# TRY IT
Among the lines below, take the one holding "text \<open>Metric spaces", the one holding "(\<forall>x\<in>M. \<forall>r. compactin", and all lines between them. Set them down exactly.

TASK INPUTS: Begin

(* Let $X$ be a proper, geodesically complete, $\delta$-hyperbolic Busemann space, vertically convergent with respect to $\infty_X$, with height function $h_X$ based at $\infty_X$, and let $d'_X$ be defined from an admissible monotone norm $N$. There is a constant $C$ depending only on $\delta$ such that for any points $p,q\in X$, any $d'_X$-geodesic $\gamma'$ from $p$ to $q$ and any $d_X$-geodesic $\gamma$ from $p$ to $q$, the total variations of $h_X$ satisfy $V_{\gamma'}(h_X)\ge V_\gamma(h_X)-C$.
   Context: $V_c(h_X)$ is the total variation of $h_X$ along a path $c$. $d'_X$ is the length metric on $X$ with path length $\sup_{0=t_0<\dots<t_n=1}\sum_iN(d_X(\gamma(t_i),\gamma(t_{i+1})),|h_X(\gamma(t_i))-h_X(\gamma(t_{i+1}))|)$, where $N$ is a norm on $\mathbb{R}^2$ with $N(1,1)=1$, $N(a,b)\ge(|a|+|b|)/2$, non-decreasing in each coordinate on $[0,\infty)^2$. *)

theory Defs
  imports "HOL-Analysis.Analysis"
begin

text \<open>Metric spaces are given explicitly as a carrier M with a distance d
  (Metric_space M d), so that constants can be required to be uniform over all spaces.\<close>

definition proper_mspace :: "'a set \<Rightarrow> ('a \<Rightarrow> 'a \<Rightarrow> real) \<Rightarrow> bool" where
  "proper_mspace M d \<longleftrightarrow>
     (\<forall>x\<in>M. \<forall>r. compactin (Metric_space.mtopology M d) (Metric_space.mcball M d x r))"

definition geodesic_seg :: "'a set \<Rightarrow> ('a \<Rightarrow> 'a \<Rightarrow> real) \<Rightarrow> (real \<Rightarrow> 'a) \<Rightarrow> real \<Rightarrow> real \<Rightarrow> bool" where
  "geodesic_seg M d c a b \<longleftrightarrow> a \<le> b \<and> c ` {a..b} \<subseteq> M \<and>
     (\<forall>s\<in>{a..b}. \<forall>t\<in>{a..b}. d (c s) (c t) = \<bar>s - t\<bar>)"

definition geodesic_from_to ::
  "'a set \<Rightarrow> ('a \<Rightarrow> 'a \<Rightarrow> real) \<Rightarrow> (real \<Rightarrow> 'a) \<Rightarrow> 'a \<Rightarrow> 'a \<Rightarrow> bool" where
  "geodesic_from_to M d c p q \<longleftrightarrow> geodesic_seg M d c 0 (d p q) \<and> c 0 = p \<and> c (d p q) = q"
lemma norm_f0_combination_le:
  assumes "Im \<tau> > 0" and "k \<ge> 1"
  shows "norm (2 * f0 2 (4 * int k - 2) \<tau> - f0 1 (4 * int k - 1) \<tau> - f0 1 (4 * int k - 3) \<tau>)
           \<le> 2 / (pi * Im \<tau>)"
proof -
  have triangle: "norm (2 * A - B - C) \<le> 2 * norm A + norm B + norm C" for A B C :: complex
  proof -
    have "norm (2 * A - B - C) \<le> norm (2 * A) + norm B + norm C"
      using norm_triangle_ineq4[of "2 * A - B" C] norm_triangle_ineq4[of "2 * A" B] by linarith
    then show ?thesis
      by (simp add: norm_mult)
  qed
  have "norm (2 * f0 2 (4 * int k - 2) \<tau> - f0 1 (4 * int k - 1) \<tau> - f0 1 (4 * int k - 3) \<tau>)
          \<le> 2 * norm (f0 2 (4 * int k - 2) \<tau>) + norm (f0 1 (4 * int k - 1) \<tau>)
             + norm (f0 1 (4 * int k - 3) \<tau>)"
    by (rule triangle)
  also have "\<dots> \<le> 2 * (1 / (2 * pi * Im \<tau>)) + 1 / (2 * pi * Im \<tau>) + 1 / (2 * pi * Im \<tau>)"
    using norm_f0_le[OF assms(1)] assms(2) by (intro add_mono mult_left_mono) auto
  also have "\<dots> = 2 / (pi * Im \<tau>)"
    by simp
  finally show ?thesis .
qed
lemma h1_fun_deriv: "(h1_fun n has_real_derivative h2_fun n z) (at z)"
proof -
  have square_deriv: "((\<lambda>t::real. (max t 0)^2) has_real_derivative 2 * max t 0) (at t)" for t
    using truncated_power_deriv[of 1 t] by (simp add: numeral_2_eq_2)
  have "((\<lambda>z. (max (real n - z) 0)^2) has_real_derivative 2 * max (real n - z) 0 * (-1)) (at z)"
    by (rule DERIV_chain2[OF square_deriv]) (auto intro!: derivative_eq_intros)
  then have "((\<lambda>z. -3 * (max (real n - z) 0)^2) has_real_derivative -3 * (2 * max (real n - z) 0 * (-1))) (at z)"
    by (rule DERIV_cmult)
  then show ?thesis unfolding h2_fun_def h1_fun_def by simp
qed

lemma h2_fun_isCont: "isCont (h2_fun n) z"
  unfolding h2_fun_def by (intro continuous_intros)

lemma h_fun_bounds:
  assumes "0 \<le> z" "1 \<le> n"
  shows "\<bar>h_fun n z\<bar> \<le> 6 * real n ^ 3" "\<bar>h1_fun n z\<bar> \<le> 6 * real n ^ 3" "\<bar>h2_fun n z\<bar> \<le> 6 * real n ^ 3"
proof -
  define m where "m = max (real n - z) 0"
  have m: "0 \<le> m" "m \<le> real n" using assms by (auto simp: m_def)
  have n1: "1 \<le> real n" using assms by simp
  have m3: "m^3 \<le> real n ^ 3" using m by (intro power_mono) auto
  have m2: "m^2 \<le> real n ^ 2" using m by (intro power_mono) auto
  have n23: "real n ^ 2 \<le> real n ^ 3" using n1 by (intro power_increasing) auto
  have n13: "real n \<le> real n ^ 3" using power_increasing[of 1 3 "real n"] n1 by simp
  have "\<bar>h_fun n z\<bar> = m^3" using m unfolding h_fun_def m_def[symmetric] by simp
  then show "\<bar>h_fun n z\<bar> \<le> 6 * real n ^ 3" using m3 zero_le_power[of "real n" 3] by linarith
  have "\<bar>h1_fun n z\<bar> = 3 * m^2" unfolding h1_fun_def m_def[symmetric] by simp
  then show "\<bar>h1_fun n z\<bar> \<le> 6 * real n ^ 3" using m2 n23 by linarith
  have "\<bar>h2_fun n z\<bar> = 6 * m" unfolding h2_fun_def m_def[symmetric] using m by simp
  then show "\<bar>h2_fun n z\<bar> \<le> 6 * real n ^ 3" using m n13 by linarith
qed

section \<open>Gap functions of closed sets\<close>

text \<open>
  For u = x - a and v = b - x the gap function and its first two derivatives
  are the polynomials u^3 v^3, 3 u^2 v^2 (v - u) and 6 u v ((v - u)^2 - u v).
\<close>
lemma gap_poly_bounds_ordered:
  fixes u v :: real
  assumes u0: "0 \<le> u" and uv: "u \<le> v" and s3: "u + v \<le> 3"
  shows "\<bar>u^3 * v^3\<bar> \<le> 81 * u^2"
    "\<bar>3 * u^2 * v^2 * (v - u)\<bar> \<le> 81 * u^2"
    "\<bar>6 * u * v * ((v - u)^2 - u * v)\<bar> \<le> 162 * u"
proof -
  have v3: "v \<le> 3" "0 \<le> v" and u3: "u \<le> 3" using assms by auto
  have v2: "v^2 \<le> 9" using power_mono[OF v3(1) v3(2), of 2] by simp
  have v33: "v^3 \<le> 27" using power_mono[OF v3(1) v3(2), of 3] by simp
  have "u * v^3 \<le> 3 * 27" by (rule mult_mono) (use u3 v33 v3 in auto)
  then have "u^2 * (u * v^3) \<le> u^2 * 81" by (intro mult_left_mono) auto
  moreover have "\<bar>u^3 * v^3\<bar> = u^2 * (u * v^3)"
    using u0 v3 by (simp add: power3_eq_cube power2_eq_square)
  ultimately show "\<bar>u^3 * v^3\<bar> \<le> 81 * u^2" by simp
  have "v^2 * (v - u) \<le> 9 * 3" by (rule mult_mono) (use v2 v3 uv u0 in auto)
  then have "3 * u^2 * (v^2 * (v - u)) \<le> 3 * u^2 * 27" by (intro mult_left_mono) auto
  moreover have "\<bar>3 * u^2 * v^2 * (v - u)\<bar> = 3 * u^2 * (v^2 * (v - u))"
    using u0 uv by (simp add: abs_mult)
  ultimately show "\<bar>3 * u^2 * v^2 * (v - u)\<bar> \<le> 81 * u^2" by simp
  have d: "(v - u)^2 \<le> 9" using power_mono[of "v-u" 3 2] uv v3 u0 by simp
  have e: "u * v \<le> 9" using mult_mono[OF u3 v3(1)] u0 v3 by simp
  have X: "\<bar>(v - u)^2 - u * v\<bar> \<le> 9"
    using d e zero_le_power2[of "v-u"] mult_nonneg_nonneg[OF u0 v3(2)] unfolding abs_le_iff by linarith
  have "v * \<bar>(v - u)^2 - u * v\<bar> \<le> 3 * 9" by (rule mult_mono) (use v3 X in auto)
  then have "6 * u * (v * \<bar>(v - u)^2 - u * v\<bar>) \<le> 6 * u * 27" by (intro mult_left_mono) (use u0 in auto)
  moreover have "\<bar>6 * u * v * ((v - u)^2 - u * v)\<bar> = 6 * u * (v * \<bar>(v - u)^2 - u * v\<bar>)"
    using u0 v3 by (simp add: abs_mult)
  ultimately show "\<bar>6 * u * v * ((v - u)^2 - u * v)\<bar> \<le> 162 * u" by simp
qed

lemma gap_poly_bounds:
  fixes u v :: real
  assumes u0: "0 \<le> u" and v0: "0 \<le> v" and s3: "u + v \<le> 3"
  shows "\<bar>u^3 * v^3\<bar> \<le> 81 * (min u v)^2"
    "\<bar>3 * u^2 * v^2 * (v - u)\<bar> \<le> 81 * (min u v)^2"
    "\<bar>6 * u * v * ((v - u)^2 - u * v)\<bar> \<le> 162 * min u v"
proof -
  have "\<bar>u^3 * v^3\<bar> \<le> 81 * (min u v)^2 \<and> \<bar>3 * u^2 * v^2 * (v - u)\<bar> \<le> 81 * (min u v)^2
    \<and> \<bar>6 * u * v * ((v - u)^2 - u * v)\<bar> \<le> 162 * min u v"
  proof (cases "u \<le> v")
    case True then show ?thesis using gap_poly_bounds_ordered[OF u0 True s3] by (simp add: min_def)
  next
    case False
    then have vu: "v \<le> u" and s: "v + u \<le> 3" using s3 by simp_all
    have 1: "\<bar>u^3 * v^3\<bar> = \<bar>v^3 * u^3\<bar>" by (simp add: mult.commute)
    have 2: "\<bar>3 * u^2 * v^2 * (v - u)\<bar> = \<bar>3 * v^2 * u^2 * (u - v)\<bar>"
      by (simp add: abs_mult abs_minus_commute)
    have 3: "\<bar>6 * u * v * ((v - u)^2 - u * v)\<bar> = \<bar>6 * v * u * ((u - v)^2 - v * u)\<bar>"
      by (simp add: power2_commute mult.commute mult.left_commute)
    have 4: "min u v = v" using vu by simp
    show ?thesis using gap_poly_bounds_ordered[OF v0 vu s] unfolding 1 2 3 4 by simp
  qed
  then show "\<bar>u^3 * v^3\<bar> \<le> 81 * (min u v)^2"
    "\<bar>3 * u^2 * v^2 * (v - u)\<bar> \<le> 81 * (min u v)^2"
    "\<bar>6 * u * v * ((v - u)^2 - u * v)\<bar> \<le> 162 * min u v" by auto
qed

definition lower_pt :: "real set \<Rightarrow> real \<Rightarrow> real" where
  "lower_pt E x = (GREATEST y. y \<in> E \<and> y \<le> x)"
definition upper_pt :: "real set \<Rightarrow> real \<Rightarrow> real" where
  "upper_pt E x = (LEAST y. y \<in> E \<and> x \<le> y)"

definition gap0 :: "real set \<Rightarrow> real \<Rightarrow> real" where
  "gap0 E x = (x - lower_pt E x)^3 * (upper_pt E x - x)^3"
definition gap1 :: "real set \<Rightarrow> real \<Rightarrow> real" where
  "gap1 E x = 3 * (x - lower_pt E x)^2 * (upper_pt E x - x)^2
     * ((upper_pt E x - x) - (x - lower_pt E x))"
definition gap2 :: "real set \<Rightarrow> real \<Rightarrow> real" where
  "gap2 E x = 6 * (x - lower_pt E x) * (upper_pt E x - x)
     * (((upper_pt E x - x) - (x - lower_pt E x))^2 - (x - lower_pt E x) * (upper_pt E x - x))"

text \<open>Closed sets containing everything outside (-1,2), like all E_n; every bounded gap has length at most 3.\<close>
locale gap_set =
  fixes E :: "real set"
  assumes closed_E: "closed E" and outside_E: "- {-1<..<2} \<subseteq> E"
begin

lemma lower_pt_props: "lower_pt E x \<in> E" "lower_pt E x \<le> x" "\<And>y. y \<in> E \<Longrightarrow> y \<le> x \<Longrightarrow> y \<le> lower_pt E x"
proof -
  define S where "S = E \<inter> {..x}"
  have "min x (-1) \<in> S" using outside_E unfolding S_def by auto
  then have ne: "S \<noteq> {}" by auto
  have bd: "bdd_above S" unfolding S_def by auto
  have SS: "Sup S \<in> S" using closed_contains_Sup[OF ne bd] closed_E unfolding S_def by auto
  have ub: "\<And>y. y \<in> S \<Longrightarrow> y \<le> Sup S" using bd by (simp add: cSup_upper)
  have eq: "lower_pt E x = Sup S" unfolding lower_pt_def
    by (rule Greatest_equality) (use SS ub in \<open>auto simp: S_def\<close>)
  show "lower_pt E x \<in> E" "lower_pt E x \<le> x" "\<And>y. y \<in> E \<Longrightarrow> y \<le> x \<Longrightarrow> y \<le> lower_pt E x"
    using SS ub eq by (auto simp: S_def)
qed

lemma upper_pt_props: "upper_pt E x \<in> E" "x \<le> upper_pt E x" "\<And>y. y \<in> E \<Longrightarrow> x \<le> y \<Longrightarrow> upper_pt E x \<le> y"
proof -
  define S where "S = E \<inter> {x..}"
  have "max x 2 \<in> S" using outside_E unfolding S_def by auto
  then have ne: "S \<noteq> {}" by auto
  have bd: "bdd_below S" unfolding S_def by auto
  have SS: "Inf S \<in> S" using closed_contains_Inf[OF ne bd] closed_E unfolding S_def by auto
  have lb: "\<And>y. y \<in> S \<Longrightarrow> Inf S \<le> y" using bd by (simp add: cInf_lower)
  have eq: "upper_pt E x = Inf S" unfolding upper_pt_def
    by (rule Least_equality) (use SS lb in \<open>auto simp: S_def\<close>)
  show "upper_pt E x \<in> E" "x \<le> upper_pt E x" "\<And>y. y \<in> E \<Longrightarrow> x \<le> y \<Longrightarrow> upper_pt E x \<le> y"
    using SS lb eq by (auto simp: S_def)
qed

lemma pts_in_E: "x \<in> E \<Longrightarrow> lower_pt E x = x \<and> upper_pt E x = x"
  using lower_pt_props[of x] upper_pt_props[of x] by force

lemma gap_coords: "0 \<le> x - lower_pt E x" "0 \<le> upper_pt E x - x" "upper_pt E x - lower_pt E x \<le> 3"
proof -
  show "0 \<le> x - lower_pt E x" "0 \<le> upper_pt E x - x" using lower_pt_props upper_pt_props by auto
  show "upper_pt E x - lower_pt E x \<le> 3"
  proof (cases "x \<in> E")
    case True then show ?thesis using pts_in_E by simp
  next
    case False
    then have "-1 < x" "x < 2" using outside_E by auto
    moreover have "-1 \<in> E" "2 \<in> E" using outside_E by auto
    ultimately have "-1 \<le> lower_pt E x" "upper_pt E x \<le> 2" using lower_pt_props(3) upper_pt_props(3) by auto
    then show ?thesis by simp
  qed
qed

lemma gap_interval:
  assumes "x \<notin> E"
  shows "lower_pt E x < x" "x < upper_pt E x"
    "\<And>y. lower_pt E x < y \<Longrightarrow> y < upper_pt E x \<Longrightarrow>
           y \<notin> E \<and> lower_pt E y = lower_pt E x \<and> upper_pt E y = upper_pt E x"
proof -
  show "lower_pt E x < x" using lower_pt_props[of x] assms by (metis order_less_le)
  show "x < upper_pt E x" using upper_pt_props[of x] assms by (metis order_less_le)
  have gap: "z \<notin> E" if z: "lower_pt E x < z" "z < upper_pt E x" for z
    using lower_pt_props(3)[of z x] upper_pt_props(3)[of z x] z by force
  fix y assume y: "lower_pt E x < y" "y < upper_pt E x"
  have "lower_pt E y = lower_pt E x"
    using lower_pt_props(3)[OF lower_pt_props(1)[of x], of y] lower_pt_props[of y] gap[of "lower_pt E y"] y
    by force
  moreover have "upper_pt E y = upper_pt E x"
    using upper_pt_props(3)[OF upper_pt_props(1)[of x], of y] upper_pt_props[of y] gap[of "upper_pt E y"] y
    by force
  ultimately show "y \<notin> E \<and> lower_pt E y = lower_pt E x \<and> upper_pt E y = upper_pt E x"
    using gap y by blast
qed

TASK INPUTS: End

# RESULT FOR THIS TASK
text \<open>Metric spaces are given explicitly as a carrier M with a distance d
  (Metric_space M d), so that constants can be required to be uniform over all spaces.\<close>

definition proper_mspace :: "'a set \<Rightarrow> ('a \<Rightarrow> 'a \<Rightarrow> real) \<Rightarrow> bool" where
  "proper_mspace M d \<longleftrightarrow>
     (\<forall>x\<in>M. \<forall>r. compactin (Metric_space.mtopology M d) (Metric_space.mcball M d x r))"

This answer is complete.